- **EXERCISE BRIEF**:
Start at the line in the entries below that contains "(- A) + card", stop at the line that contains "proof cases", and output exactly the lines in that span, both ends included.

- **TASK MATERIAL**:
lemma face_params_facets:
  assumes "2 \<le> CARD('a::finite)" "2 \<le> CARD('b::finite)" "2 \<le> CARD('c::finite)"
  shows "face_params (CARD('a) + CARD('b) + CARD('c) - 1) = range (facet_param :: 'a + 'b + 'c \<Rightarrow> _)"
proof (intro antisym subsetI)
  fix t :: "'a set \<times> 'b set \<times> 'c set"
  assume "t \<in> face_params (CARD('a) + CARD('b) + CARD('c) - 1)"
  then obtain A B X where t: "t = (A, B, X)"
    and sum: "card A + card B + card X = CARD('a) + CARD('b) + CARD('c) - 1"
    by (auto simp: face_params_def)
  have "card A \<le> CARD('a)" "card B \<le> CARD('b)" "card X \<le> CARD('c)"
    by (simp_all add: card_mono)
  then have "card (- A) + card (- B) + card (- X) = 1"
    using sum assms by (simp add: card_Compl_finite)
  then consider "card (- A) = 1" "- B = {}" "- X = {}" | "- A = {}" "card (- B) = 1" "- X = {}"
    | "- A = {}" "- B = {}" "card (- X) = 1"
    by (auto simp: add_is_1)
  then show "t \<in> range facet_param"
  proof cases
    case 1
    then obtain k where "- A = {k}" by (auto simp: card_1_singleton_iff)
    then have "t = facet_param (Inl k)" using 1 by (auto simp: t facet_param_def)
    then show ?thesis by blast
  next
    case 2
    then obtain l where "- B = {l}" by (auto simp: card_1_singleton_iff)
    then have "t = facet_param (Inr (Inl l))" using 2 by (auto simp: t facet_param_def)
    then show ?thesis by blast
  next
    case 3
    then obtain x where "- X = {x}" by (auto simp: card_1_singleton_iff)
    then have "t = facet_param (Inr (Inr x))" using 3 by (auto simp: t facet_param_def)
    then show ?thesis by blast
  qed
next
  fix t assume "t \<in> range (facet_param :: 'a + 'b + 'c \<Rightarrow> _)"
  then obtain i where t: "t = facet_param i" by blast
  have "{k. Inl k \<noteq> i} = - {k. Inl k = i}" "{l. Inr (Inl l) \<noteq> i} = - {l. Inr (Inl l) = i}"
    "{x. Inr (Inr x) \<noteq> i} = - {x. Inr (Inr x) = i}"
    by auto
  moreover have "card {k. Inl k = i} + card {l. Inr (Inl l) = i} + card {x. Inr (Inr x) = i} = 1"
  proof (cases i)
    case (Inr r)
    then show ?thesis by (cases r) auto
  qed auto
  ultimately show "t \<in> face_params (CARD('a) + CARD('b) + CARD('c) - 1)"
    using assms by (auto simp: t facet_param_def face_params_def card_Compl_finite)
qed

- **WRITTEN REPLY**:
  then have "card (- A) + card (- B) + card (- X) = 1"
    using sum assms by (simp add: card_Compl_finite)
  then consider "card (- A) = 1" "- B = {}" "- X = {}" | "- A = {}" "card (- B) = 1" "- X = {}"
    | "- A = {}" "- B = {}" "card (- X) = 1"
    by (auto simp: add_is_1)
  then show "t \<in> range facet_param"
  proof cases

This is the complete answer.